Work instruction
Having located "by (simp add: rate_ratio_def)" in the records below, repeat exactly the line it is on and all subsequent lines, ending with the last.

Records shown
- Opening Delimiter -

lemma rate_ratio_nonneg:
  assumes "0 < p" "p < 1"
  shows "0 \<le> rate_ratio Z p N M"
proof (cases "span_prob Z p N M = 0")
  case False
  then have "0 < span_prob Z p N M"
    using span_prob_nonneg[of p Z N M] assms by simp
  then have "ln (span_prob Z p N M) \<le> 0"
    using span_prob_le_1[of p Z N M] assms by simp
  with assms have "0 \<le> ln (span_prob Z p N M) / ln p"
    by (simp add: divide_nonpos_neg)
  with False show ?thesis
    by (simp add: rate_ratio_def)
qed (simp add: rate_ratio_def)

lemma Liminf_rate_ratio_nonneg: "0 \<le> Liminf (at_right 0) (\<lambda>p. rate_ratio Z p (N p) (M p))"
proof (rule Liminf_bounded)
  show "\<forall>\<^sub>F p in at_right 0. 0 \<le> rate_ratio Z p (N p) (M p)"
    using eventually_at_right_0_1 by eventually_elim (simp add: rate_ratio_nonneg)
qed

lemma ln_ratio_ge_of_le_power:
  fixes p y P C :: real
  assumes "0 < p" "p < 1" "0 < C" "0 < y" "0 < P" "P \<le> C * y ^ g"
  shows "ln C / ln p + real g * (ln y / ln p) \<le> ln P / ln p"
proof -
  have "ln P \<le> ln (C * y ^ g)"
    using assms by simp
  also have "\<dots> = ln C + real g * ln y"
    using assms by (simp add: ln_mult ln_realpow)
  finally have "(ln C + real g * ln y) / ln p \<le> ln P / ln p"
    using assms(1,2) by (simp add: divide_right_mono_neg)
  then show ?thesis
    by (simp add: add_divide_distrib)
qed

- Closing Delimiter -

Task output
    by (simp add: rate_ratio_def)
qed (simp add: rate_ratio_def)

lemma Liminf_rate_ratio_nonneg: "0 \<le> Liminf (at_right 0) (\<lambda>p. rate_ratio Z p (N p) (M p))"
proof (rule Liminf_bounded)
  show "\<forall>\<^sub>F p in at_right 0. 0 \<le> rate_ratio Z p (N p) (M p)"
    using eventually_at_right_0_1 by eventually_elim (simp add: rate_ratio_nonneg)
qed

lemma ln_ratio_ge_of_le_power:
  fixes p y P C :: real
  assumes "0 < p" "p < 1" "0 < C" "0 < y" "0 < P" "P \<le> C * y ^ g"
  shows "ln C / ln p + real g * (ln y / ln p) \<le> ln P / ln p"
proof -
  have "ln P \<le> ln (C * y ^ g)"
    using assms by simp
  also have "\<dots> = ln C + real g * ln y"
    using assms by (simp add: ln_mult ln_realpow)
  finally have "(ln C + real g * ln y) / ln p \<le> ln P / ln p"
    using assms(1,2) by (simp add: divide_right_mono_neg)
  then show ?thesis
    by (simp add: add_divide_distrib)
qed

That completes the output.